Why we hate balanced funds, and you should too!

Ryan M Mar 23, 2015

It looks like the popularity of balanced funds are on the rise and this is a trend that may not have investors' best interests in mind. Balanced funds in our view can bring confusion and complexity to an individual’s investment portfolio in a time where simplicity is often best. So let’s look at some reasons why we do not like (hate is such a strong word) balanced funds:

Letting a stranger decide: Balanced funds are particularly interesting because it lets a stranger (the fund manager) decide on what the appropriate asset allocation is for an individual. Obviously, this manager has no idea who 99% of the individuals holding the funds are and yet is being given the responsibility of choosing the appropriate mix of stocks, bonds and sometimes even geographic allocations. This responsibility should really be in the hands of either the advisor/wealth manager or the individual who actually understands the personal situation of the end investor, not deferred to someone in a different city or country that has no idea who you are.

Lack of Flexibility: The lack of flexibility ties into letting a stranger decide on the appropriate allocations. In the event of a change in your personal situation, the allocation of the balanced fund may no longer be appropriate. This means that you either need to sell the whole fund to adjust the portfolio and risk incurring some sort of deferred service charge in many cases or tweak the holding and sell the appropriate percentage that brings the allocations within the balanced fund in-line with your overall allocation targets. As an example, lets say your 60/40 equity/fixed income allocation target has changed to a 40/60 allocation due to a life event occurring.  Do you sell ‘X%’ of the balanced fund to reduce the equity exposure within the fund while increasing other holdings; continue to hold the full position even though it no longer really aligns with your needs, or sell the whole thing and purchase a new, fancy 40/60 balanced fund? It becomes quickly clear that portfolios holding balanced funds can become inflexible and a burden to manage effectively. 

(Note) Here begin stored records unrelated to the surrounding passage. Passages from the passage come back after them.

lemma Bessel_inequality_circlepath:
  fixes \<phi> :: "complex \<Rightarrow> complex"
  assumes hol: "\<phi> holomorphic_on ball 0 R" and bd: "\<And>w. w \<in> ball 0 R \<Longrightarrow> norm (\<phi> w) \<le> B"
    and \<rho>: "0 < \<rho>" "\<rho> < R"
  shows "(\<Sum>k<N. (norm (taylor_coeff \<phi> k))\<^sup>2 * \<rho> ^ (2 * k)) \<le> B\<^sup>2"
proof -
  define \<gamma> where "\<gamma> = circlepath 0 \<rho>"
  define P where "P x = (\<Sum>k<N. taylor_coeff \<phi> k * \<gamma> x ^ k)" for x
  define S where "S = (\<Sum>k<N. (norm (taylor_coeff \<phi> k))\<^sup>2 * \<rho> ^ (2 * k))"
  \<comment> \<open>\<open>\<phi>\<close> and \<open>P\<close> share their first \<open>N\<close> Taylor coefficients, so both integrals are \<open>S\<close>.\<close>
  have "((\<lambda>x. \<phi> (\<gamma> x) * cnj (P x)) has_integral of_real S) {0..1}"
    unfolding \<gamma>_def P_def S_def
    by (rule circlepath_integral_mult_cnj_taylor_polynomial[OF hol \<rho>]) simp
  moreover have "((\<lambda>x. P x * cnj (P x)) has_integral of_real S) {0..1}"
    unfolding \<gamma>_def P_def S_def
    by (rule circlepath_integral_mult_cnj_taylor_polynomial[OF _ \<rho>])
       (auto intro!: holomorphic_intros simp: taylor_coeff_polynomial)
  ultimately have "((\<lambda>x. 2 * Re (\<phi> (\<gamma> x) * cnj (P x)) - Re (P x * cnj (P x)))
                     has_integral 2 * S - S) {0..1}"
    using has_integral_linear[OF _ bounded_linear_Re, unfolded o_def]
    by (metis Re_complex_of_real has_integral_diff has_integral_mult_right)
  moreover have "((\<lambda>x. B\<^sup>2) has_integral B\<^sup>2) {0..1::real}"
    using has_integral_const_real[of "B\<^sup>2" 0 1] by simp
  moreover have "2 * Re (\<phi> (\<gamma> x) * cnj (P x)) - Re (P x * cnj (P x)) \<le> B\<^sup>2" for x
  proof -
    have "2 * Re (\<phi> (\<gamma> x) * cnj (P x)) - Re (P x * cnj (P x))
          = (norm (\<phi> (\<gamma> x)))\<^sup>2 - (norm (\<phi> (\<gamma> x) - P x))\<^sup>2"
      by (simp only: cmod_power2) (simp add: power2_eq_square algebra_simps)
    also have "\<dots> \<le> (norm (\<phi> (\<gamma> x)))\<^sup>2"
      by simp
    also have "\<dots> \<le> B\<^sup>2"
      using \<rho> by (intro power_mono bd) (auto simp: \<gamma>_def circlepath norm_mult)
    finally show ?thesis .
  qed
  ultimately have "2 * S - S \<le> B\<^sup>2"
    by (rule has_integral_le)
  then show ?thesis
    by (simp add: S_def)
qed

lemma Bessel_inequality_taylor_coeff:
  fixes \<phi> :: "complex \<Rightarrow> complex"
  assumes hol: "\<phi> holomorphic_on ball 0 R" and bd: "\<And>w. w \<in> ball 0 R \<Longrightarrow> norm (\<phi> w) \<le> B"
    and R: "0 < R"
  shows "(\<Sum>k<N. (norm (taylor_coeff \<phi> k))\<^sup>2 * R ^ (2 * k)) \<le> B\<^sup>2"
proof (rule tendsto_upperbound)
  show "((\<lambda>\<rho>. \<Sum>k<N. (norm (taylor_coeff \<phi> k))\<^sup>2 * \<rho> ^ (2 * k))
          \<longlongrightarrow> (\<Sum>k<N. (norm (taylor_coeff \<phi> k))\<^sup>2 * R ^ (2 * k))) (at_left R)"
    by (intro tendsto_intros)
  show "eventually (\<lambda>\<rho>. (\<Sum>k<N. (norm (taylor_coeff \<phi> k))\<^sup>2 * \<rho> ^ (2 * k)) \<le> B\<^sup>2) (at_left R)"
    using eventually_at_left_real[OF R]
    by eventually_elim (auto intro: Bessel_inequality_circlepath[OF hol bd])
qed simp

lemma
  fixes c :: "nat \<Rightarrow> complex"
  assumes sq: "\<And>N. (\<Sum>j<N. (norm (c j))\<^sup>2) \<le> A" and p: "p \<ge> 1" and r: "0 \<le> r" "r < 1"
  shows summable_norm_power_tail: "summable (\<lambda>j. norm (c (j + p)) * r ^ (j + p))"
    and suminf_norm_power_tail_le:
      "(\<Sum>j. norm (c (j + p)) * r ^ (j + p)) \<le> sqrt (A - (norm (c 0))\<^sup>2) * r ^ p / sqrt (1 - r\<^sup>2)"
proof -
  define B where "B = sqrt (A - (norm (c 0))\<^sup>2) * r ^ p / sqrt (1 - r\<^sup>2)"
  have c0: "(norm (c 0))\<^sup>2 \<le> A"
    using sq[of 1] by simp
  have r2: "r\<^sup>2 < 1"
    using r by (simp add: abs_square_less_1)
  have partial: "(\<Sum>j<N. norm (c (j + p)) * r ^ (j + p)) \<le> B" for N
  proof -
    have split: "(\<Sum>j<N + p. g j) = (\<Sum>j<p. g j) + (\<Sum>j<N. g (j + p))" for g :: "nat \<Rightarrow> real"
      by (induction N) (simp_all add: add.commute add.left_commute)
    have "(norm (c 0))\<^sup>2 \<le> (\<Sum>j<p. (norm (c j))\<^sup>2)"
      using p by (intro member_le_sum) auto
    then have coeffs: "(\<Sum>j<N. (norm (c (j + p)))\<^sup>2) \<le> A - (norm (c 0))\<^sup>2"
      using sq[of "N + p"] split[of "\<lambda>j. (norm (c j))\<^sup>2"] by linarith
    have "(\<Sum>j<N. (r ^ (j + p))\<^sup>2) = r ^ (2 * p) * (\<Sum>j<N. (r\<^sup>2) ^ j)"
      by (simp add: sum_distrib_left power_add power_mult_distrib power_mult[symmetric]
                    mult.commute)
    also have "(\<Sum>j<N. (r\<^sup>2) ^ j) = (1 - (r\<^sup>2) ^ N) / (1 - r\<^sup>2)"
      using r2 by (simp add: sum_gp_strict)
    also have "\<dots> \<le> 1 / (1 - r\<^sup>2)"
      using r2 by (intro divide_right_mono) auto
    finally have powers: "(\<Sum>j<N. (r ^ (j + p))\<^sup>2) \<le> r ^ (2 * p) / (1 - r\<^sup>2)"
      using r by (simp add: mult_left_mono)
    have "(\<Sum>j<N. norm (c (j + p)) * r ^ (j + p))\<^sup>2
          \<le> (\<Sum>j<N. (norm (c (j + p)))\<^sup>2) * (\<Sum>j<N. (r ^ (j + p))\<^sup>2)"
      by (rule Cauchy_Schwarz_ineq_sum)
    also have "\<dots> \<le> (A - (norm (c 0))\<^sup>2) * (r ^ (2 * p) / (1 - r\<^sup>2))"
      using coeffs powers c0 by (intro mult_mono) (auto intro: sum_nonneg)
    also have "\<dots> = B\<^sup>2"
      using c0 r2
      by (simp add: B_def power_mult_distrib power_divide power_mult[symmetric] mult.commute)
    finally show ?thesis
      by (rule power2_le_imp_le) (use c0 r2 r in \<open>simp add: B_def\<close>)
  qed
  show summable: "summable (\<lambda>j. norm (c (j + p)) * r ^ (j + p))"
    using r by (intro summableI_nonneg_bounded[OF _ partial]) simp
  show "(\<Sum>j. norm (c (j + p)) * r ^ (j + p)) \<le> sqrt (A - (norm (c 0))\<^sup>2) * r ^ p / sqrt (1 - r\<^sup>2)"
    using suminf_le_const[OF summable partial] by (simp add: B_def)
qed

Lack of Transparency and increased complexity: In our view, balanced funds add unnecessary complexity to a portfolio. An investor cannot simply open a portfolio and have a general understanding of what types of assets are held.  The names are often confusing and misleading (we have seen a ‘global’ equity portfolio hold 75% US investments), and research needs to be done to determine what percentages of assets are held in each asset class within the balanced fund, then add that to the investors total portfolio to get a realistic idea of exposures. This process then needs to be carried out for industry exposures as well which leads to a time consuming and frustrating experience for investors. This is in contrast to holding various fixed income only and equity only ETFs (or mutual funds) where you can quickly add up the market values and determine what your general exposures are when looking at your portfolio. Going back to the previous points this type of structure is also much easier to implement changes with as well as to tailor to your specific situation.

Cash balances: This is not true for all balanced funds but a large amount of funds hold high cash balances, often in excess of 5%. Yes, you are still getting charged a high fee on that cash sitting within the fund that is doing nothing.  Typically the job of the manager is to invest according to their mandate and generate returns for the investor. Not make cash decisions and charge fees on it. This should be the responsibility of the individual investor to decide what the appropriate level of cash is not a distant fund manager. Quite simply, you are probably not intending to pay someone to sit on cash for you.

Fees: I left this more obvious point for last and it applies to mutual funds on the whole opposed to balanced funds specifically. It is a point that is repeated and well publicized but continually not heeded by Canadians as we continue to have some of the highest cost funds in the world. On average, mutual fund fees are well above our neighbors to the south while proof that they provide performance that could justify the fees is fleeting at best. In general, balanced funds are also able to charge a higher fee than their all equity or all fixed income competitors. While a higher fee on a balanced fund is not unreasonable (more effort/knowledge/considerations due to more assets classes), we would rather own the lower fee, more focused funds, and pay an average fee that is lower than that of the balanced fund while typically capturing the same returns.

These are the main reasons we do not like balanced funds and did not even touch on issues such as performance and difficulty in using an appropriate benchmark to compare performance. In the past, when there were fewer investment options, less access to markets and less access to resources, balanced funds probably made a lot of sense to some investors but now they just seem to be a relic of the past that continues to have a high-cost grasp on the investing public. If you have an advisor, should they not really be the one creating your balanced portfolio allocations opposed to deferring it to a third party? As a DIY investor, owning more concise or specifically allocated funds can reduce costs, complexity and time taken to monitor the portfolio while increasing the power you have in making investment decisions.